Defining the human gallbladder proteome by transcriptomics and affinity proteomics.

Author information

1
Department of Immunology, Genetics and Pathology, Science for Life Laboratory, Uppsala University, Uppsala, Sweden.

Abstract

Global protein analysis of human gallbladder tissue is vital for identification of molecular regulators and effectors of its physiological activity. Here, we employed a genome-wide deep RNA sequencing analysis in 28 human tissues to identify the genes overrepresented in the gallbladder and complemented it with antibody-based immunohistochemistry in 48 human tissues. We characterized human gallbladder proteins and identified 140 gallbladder-specific proteins with an elevated expression in the gallbladder as compared to the other analyzed tissues.
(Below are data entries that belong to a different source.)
lemma limit_in_closed_segment:
  fixes va vb vc vd :: "'a::real_normed_vector"
  assumes F: "F \<noteq> bot"
    and weights: "\<forall>\<^sub>F x in F. 0 \<le> a x \<and> 0 \<le> b x \<and> 0 \<le> c x \<and> 0 \<le> d x \<and> a x + b x + c x + d x = 1"
    and c: "(c \<longlongrightarrow> 0) F" and d: "(d \<longlongrightarrow> 0) F"
    and p: "((\<lambda>x. a x *\<^sub>R va + b x *\<^sub>R vb + c x *\<^sub>R vc + d x *\<^sub>R vd) \<longlongrightarrow> p) F"
  shows "p \<in> closed_segment va vb"
proof (rule Lim_in_closed_set[OF closed_segment _ F])
  have "((\<lambda>x. (a x *\<^sub>R va + b x *\<^sub>R vb + c x *\<^sub>R vc + d x *\<^sub>R vd)
      - (c x *\<^sub>R (vc - va) + d x *\<^sub>R (vd - va))) \<longlongrightarrow> p - (0 *\<^sub>R (vc - va) + 0 *\<^sub>R (vd - va))) F"
    by (intro tendsto_intros p c d)
  moreover have "\<forall>\<^sub>F x in F. (a x *\<^sub>R va + b x *\<^sub>R vb + c x *\<^sub>R vc + d x *\<^sub>R vd)
      - (c x *\<^sub>R (vc - va) + d x *\<^sub>R (vd - va)) = (1 - b x) *\<^sub>R va + b x *\<^sub>R vb"
    using weights by eventually_elim (simp add: algebra_simps eq_diff_eq' flip: scaleR_add_left)
  ultimately show "((\<lambda>x. (1 - b x) *\<^sub>R va + b x *\<^sub>R vb) \<longlongrightarrow> p) F"
    by (simp add: tendsto_cong)
  show "\<forall>\<^sub>F x in F. (1 - b x) *\<^sub>R va + b x *\<^sub>R vb \<in> closed_segment va vb"
    using weights by eventually_elim (auto simp: in_segment intro!: exI[of _ "b _"])
qed

section \<open>The harmonic measure of a quarter arc\<close>

definition rot8 :: complex where "rot8 = exp (\<i> * of_real (pi / 4))"

lemma rot8_eq: "rot8 = Complex (sqrt 2 / 2) (sqrt 2 / 2)"
  by (simp add: rot8_def complex_eq_iff Re_exp Im_exp cos_45 sin_45)

lemma rot8_squared: "rot8^2 = \<i>"
  by (simp add: rot8_eq complex_eq_iff power2_eq_square)

lemma norm_rot8: "norm rot8 = 1"
  by (simp add: rot8_def)

lemma cnj_rot8: "cnj rot8 = - \<i> * rot8"
  by (simp add: rot8_eq complex_eq_iff)

lemma hm_rotate: "hm a b z = hm 0 (b - a) (exp (- (\<i> * of_real a)) * z)"
proof -
  define u where "u = exp (\<i> * of_real a)"
  define e where "e = exp (\<i> * of_real (b - a))"
  have u0: "u \<noteq> 0" by (simp add: u_def)
  have b: "exp (\<i> * of_real b) = u * e"
    by (simp add: u_def e_def flip: exp_add) (simp add: algebra_simps)
  have "e - z / u = (u * e - z) / u" "1 - z / u = (u - z) / u" using u0 by (simp_all add: field_simps)
  then have "(exp (\<i> * of_real b) - z) / (u - z) = (e - z / u) / (1 - z / u)"
    unfolding b using u0 by simp
  then show ?thesis unfolding hm_def u_def e_def by (simp add: exp_minus field_simps)
qed

definition hq :: "complex \<Rightarrow> real" where "hq = hm 0 (pi / 2)"

lemma hq_eq: "hq w = Arg2pi ((\<i> - w) / (1 - w)) / pi - 1/4"
  by (simp add: hq_def hm_def exp_eq_polar)

lemma exp_minus_add_quarter:
  "exp (- (\<i> * of_real (a + pi/2))) = - \<i> * exp (- (\<i> * of_real a))"
proof -
  have "exp (- (\<i> * of_real (a + pi/2))) = exp (- (\<i> * of_real a)) * exp (- (\<i> * of_real (pi/2)))"
    by (subst exp_add[symmetric]) (simp add: algebra_simps)
  also have "exp (- (\<i> * of_real (pi/2))) = - \<i>"
    by (simp add: exp_minus exp_eq_polar)
  finally show ?thesis by simp
qed

lemma h_eq_hq:
  "hE z = hq (rot8 * z)" "hN z = hq (- \<i> * rot8 * z)"
  "hW z = hq (- rot8 * z)" "hS z = hq (\<i> * rot8 * z)"
proof -
  have N: "exp (- (\<i> * of_real (pi/4))) = - \<i> * rot8"
    using exp_minus_add_quarter[of "-pi/4"] by (simp add: rot8_def)
  have W: "exp (- (\<i> * of_real (3*pi/4))) = - rot8"
    using exp_minus_add_quarter[of "pi/4"] N by simp
  have S: "exp (- (\<i> * of_real (5*pi/4))) = \<i> * rot8"
    using exp_minus_add_quarter[of "3*pi/4"] W by simp
  show "hE z = hq (rot8 * z)" unfolding hE_def hq_def
    by (subst hm_rotate) (simp add: rot8_def)
  show "hN z = hq (- \<i> * rot8 * z)"
    unfolding hN_def hq_def hm_rotate[of "pi/4"] N by simp
  show "hW z = hq (- rot8 * z)"
    unfolding hW_def hq_def hm_rotate[of "3*pi/4"] W by simp
  show "hS z = hq (\<i> * rot8 * z)"
    unfolding hS_def hq_def hm_rotate[of "5*pi/4"] S by simp
qed

lemma h_quarter_turn: "hN z = hE (- \<i> * z)" "hW z = hE (- z)" "hS z = hE (\<i> * z)"
  by (simp_all add: h_eq_hq algebra_simps)

lemma halfplane_of_disc:
  assumes "norm w < 1"
  shows "Re ((\<i> - w) / (1 - w)) < Im ((\<i> - w) / (1 - w))"
proof -
  obtain x y where w: "w = Complex x y" by (cases w)
  have "(norm w)^2 < 1" using assms by (simp add: power_less_one_iff)
  then have xy: "x^2 + y^2 < 1" by (simp add: w cmod_power2)
  then have "x \<noteq> 1" by (auto simp: power2_eq_square)
  then have d: "(1 - x)^2 + y^2 > 0" by (simp add: sum_power2_gt_zero_iff)
  have "Im ((\<i> - w) / (1 - w)) - Re ((\<i> - w) / (1 - w)) = (1 - x^2 - y^2) / ((1 - x)^2 + y^2)"
    by (simp add: w Im_divide Re_divide complex_norm_square power2_eq_square field_simps)
       (simp add: add_divide_distrib[symmetric] algebra_simps)
  also have "\<dots> > 0" using xy d by (intro divide_pos_pos) auto
  finally show ?thesis by simp
qed

lemma Arg2pi_halfplane_gt:
  assumes "Re q < Im q" shows "pi/4 < Arg2pi q"
proof -
  define p where "p = q * (1 - \<i>)"
  have "Im p > 0" using assms by (simp add: p_def)
  then have p: "p \<noteq> 0" "0 < Arg2pi p" "Arg2pi p < pi" using Arg2pi_lt_pi by auto
  have "q = p * (rot8 / sqrt 2)"
    by (simp add: p_def rot8_eq complex_eq_iff Re_divide Im_divide field_simps)
  also have "\<dots> = of_real (norm p / sqrt 2) * exp (\<i> * of_real (Arg2pi p + pi/4))"
    by (subst (1) Arg2pi_eq[of p], simp only: of_real_add distrib_left exp_add rot8_def)
       (simp add: field_simps)
  finally have "Arg2pi q = Arg2pi p + pi/4"
    by (intro Arg2pi_unique[of "norm p / sqrt 2"]) (use p in auto)
  with p show ?thesis by simp
qed

lemma hq_pos: "norm w < 1 \<Longrightarrow> 0 < hq w"
  using Arg2pi_halfplane_gt[OF halfplane_of_disc] by (simp add: hq_eq field_simps)

text \<open>The Moebius map \<open>q \<mapsto> (q - \<i>)/(q - 1)\<close> inverts \<open>w \<mapsto> (\<i> - w)/(1 - w)\<close> and maps the
  half-plane \<open>Re q < Im q\<close> into the disc; in the coordinate \<open>q\<close> the measure \<open>hq\<close> is an angle.\<close>

lemma hq_mobius:
  assumes "Re q < Im q"
  shows "norm ((q - \<i>) / (q - 1)) < 1" "hq ((q - \<i>) / (q - 1)) = Arg2pi q / pi - 1/4"
proof -
  have q1: "q - 1 \<noteq> 0" using assms by auto
  have "(norm (q - \<i>))^2 < (norm (q - 1))^2"
    unfolding cmod_power2 using assms by (simp add: power2_eq_square algebra_simps)
  then have "norm (q - \<i>) < norm (q - 1)" by (rule power_less_imp_less_base) simp
  then show "norm ((q - \<i>) / (q - 1)) < 1" using q1 by (simp add: norm_divide)
  have "\<i> - (q - \<i>) / (q - 1) = q * (\<i> - 1) / (q - 1)" "1 - (q - \<i>) / (q - 1) = (\<i> - 1) / (q - 1)"
    using q1 by (simp_all add: field_simps)
  then have "(\<i> - (q - \<i>) / (q - 1)) / (1 - (q - \<i>) / (q - 1)) = q"
    using q1 by simp
  then show "hq ((q - \<i>) / (q - 1)) = Arg2pi q / pi - 1/4" by (simp add: hq_eq)
qed

definition qlog :: "complex \<Rightarrow> complex" where
  "qlog w = Ln ((w - \<i>) / (1 - w)) / (2 * pi * \<i>)"

lemma qlog_facts:
  assumes w: "norm w < 1"
  shows hq_eq_qlog: "complex_of_real (hq w) = qlog w + cnj (qlog w) + 3/4"
    and qlog_has_derivative: "(qlog has_field_derivative (1/(w - \<i>) - 1/(w - 1)) / (2*pi*\<i>)) (at w)"
proof -
  define q where "q = (\<i> - w) / (1 - w)"
  have w1: "w \<noteq> 1" "w \<noteq> \<i>" using w by auto
  have arg: "0 < Arg2pi q"
    using Arg2pi_halfplane_gt[OF halfplane_of_disc[OF w]] pi_gt_zero unfolding q_def by linarith
  have mq: "(w - \<i>) / (1 - w) = - q" by (simp add: q_def minus_divide_left)
  show "complex_of_real (hq w) = qlog w + cnj (qlog w) + 3/4"
    using Arg2pi_Ln[OF arg]
    by (simp add: hq_eq qlog_def mq flip: q_def) (simp add: complex_eq_iff Re_divide Im_divide field_simps power2_eq_square)
  have "- q \<notin> \<real>\<^sub>\<le>\<^sub>0"
    using arg Arg2pi_eq_0[of q] by (auto simp: complex_nonpos_Reals_iff complex_is_Real_iff)
  then have "((\<lambda>w. Ln ((w - \<i>) / (1 - w))) has_field_derivative
      inverse (- q) * ((1 - \<i>) / (1 - w)^2)) (at w)"
    unfolding mq[symmetric] using w1
    by (auto intro!: derivative_eq_intros simp: field_simps power2_eq_square)
  moreover have "inverse (- q) * ((1 - \<i>) / (1 - w)^2) = 1/(w - \<i>) - 1/(w - 1)"
  proof -
    have "w - \<i> \<noteq> 0" "1 - w \<noteq> 0" "w - 1 \<noteq> 0" using w1 by auto
    then have "inverse (- q) * ((1 - \<i>) / (1 - w)^2) = (1 - \<i>) / ((w - \<i>) * (1 - w))"
      "1/(w - \<i>) - 1/(w - 1) = (1 - \<i>) / ((w - \<i>) * (1 - w))"
      unfolding mq[symmetric] by (simp_all add: divide_simps power2_eq_square) (simp_all add: algebra_simps)
    then show ?thesis by simp
  qed
  ultimately show "(qlog has_field_derivative (1/(w - \<i>) - 1/(w - 1)) / (2*pi*\<i>)) (at w)"
    unfolding qlog_def[abs_def] by (auto intro: DERIV_cdivide)
qed

lemma qlog_rotated_has_derivative:
  assumes u: "norm u = 1" and z: "norm z < 1"
  shows "((\<lambda>z. qlog (u * z)) has_field_derivative
           (1/(z - \<i> * cnj u) - 1/(z - cnj u)) / (2*pi*\<i>)) (at z)"
proof -
  have uz: "norm (u * z) < 1" using u z by (simp add: norm_mult)
  have uu: "u * cnj u = 1" using u by (simp add: complex_norm_square[symmetric])
  have "((\<lambda>z. qlog (u * z)) has_field_derivative
           (1/(u * z - \<i>) - 1/(u * z - 1)) / (2*pi*\<i>) * u) (at z)"
    by (rule DERIV_chain2[where g="\<lambda>z. u * z", OF qlog_has_derivative[OF uz]]) (auto intro!: derivative_eq_intros)
  moreover have "u / (u * z - c) = 1 / (z - c * cnj u)" for c
  proof -
    have "u * z - c = u * (z - c * cnj u)" using uu by (simp add: algebra_simps)
    then show ?thesis using uu by auto
  qed
  ultimately show ?thesis by (simp add: field_simps)
qed

section \<open>Holomorphic decomposition of the surface\<close>

definition qE :: "complex \<Rightarrow> complex" where "qE z = qlog (rot8 * z)"
definition qN :: "complex \<Rightarrow> complex" where "qN z = qlog (- \<i> * rot8 * z)"
definition qW :: "complex \<Rightarrow> complex" where "qW z = qlog (- rot8 * z)"
definition qS :: "complex \<Rightarrow> complex" where "qS z = qlog (\<i> * rot8 * z)"

lemma h_eq_q:
  assumes "norm z < 1"
  shows "complex_of_real (hE z) = qE z + cnj (qE z) + 3/4"
    "complex_of_real (hN z) = qN z + cnj (qN z) + 3/4"
    "complex_of_real (hW z) = qW z + cnj (qW z) + 3/4"
    "complex_of_real (hS z) = qS z + cnj (qS z) + 3/4"
  using assms unfolding h_eq_hq qE_def qN_def qW_def qS_def
  by (auto intro!: hq_eq_qlog simp: norm_mult norm_rot8)

lemma q_has_derivative:
  assumes "norm z < 1"
  shows "(qE has_field_derivative (1/(z - rot8) - 1/(z + \<i>*rot8)) / (2*pi*\<i>)) (at z)"
    "(qN has_field_derivative (1/(z - \<i>*rot8) - 1/(z - rot8)) / (2*pi*\<i>)) (at z)"
    "(qW has_field_derivative (1/(z + rot8) - 1/(z - \<i>*rot8)) / (2*pi*\<i>)) (at z)"
    "(qS has_field_derivative (1/(z + \<i>*rot8) - 1/(z + rot8)) / (2*pi*\<i>)) (at z)"
  using qlog_rotated_has_derivative[OF _ assms, of rot8] qlog_rotated_has_derivative[OF _ assms, of "- \<i> * rot8"]
    qlog_rotated_has_derivative[OF _ assms, of "- rot8"] qlog_rotated_has_derivative[OF _ assms, of "\<i> * rot8"]
  unfolding qE_def[abs_def] qN_def[abs_def] qW_def[abs_def] qS_def[abs_def]
  by (simp_all add: norm_mult norm_rot8 cnj_rot8 mult.assoc)

lemma q_holomorphic:
  "qE holomorphic_on ball 0 1" "qN holomorphic_on ball 0 1"
  "qW holomorphic_on ball 0 1" "qS holomorphic_on ball 0 1"
proof -
  have hol: "f holomorphic_on ball 0 1"
    if "\<And>z. norm z < 1 \<Longrightarrow> (f has_field_derivative f' z) (at z)" for f f'
    unfolding holomorphic_on_open[OF open_ball] using that by (metis mem_ball_0)
  show "qE holomorphic_on ball 0 1" "qN holomorphic_on ball 0 1"
    "qW holomorphic_on ball 0 1" "qS holomorphic_on ball 0 1"
    by (rule hol, erule q_has_derivative)+
qed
Five genes were categorized as enriched, with at least fivefold higher levels in gallbladder, 60 genes were categorized as group enriched with elevated transcript levels in gallbladder shared with at least one other tissue and 75 genes were categorized as enhanced with higher expression than the average expression in other tissues. We explored the localization of the genes within the gallbladder through cell-type specific antibody-based protein profiling and the subcellular localization of the genes through immunofluorescent-based profiling. Finally, we revealed the biological processes and metabolic functions carried out by these genes through the use of GO, KEGG Pathway, and HMR2.0 that is compilation of the human metabolic reactions. We demonstrated the results of the combined analysis of the transcriptomics and affinity proteomics.

KEYWORDS:

Gallbladder; Proteome; RNA-sequencing; Systems biology; Transcriptome

PMID:
25175928
DOI:
10.1002/pmic.201400201
[Indexed for MEDLINE]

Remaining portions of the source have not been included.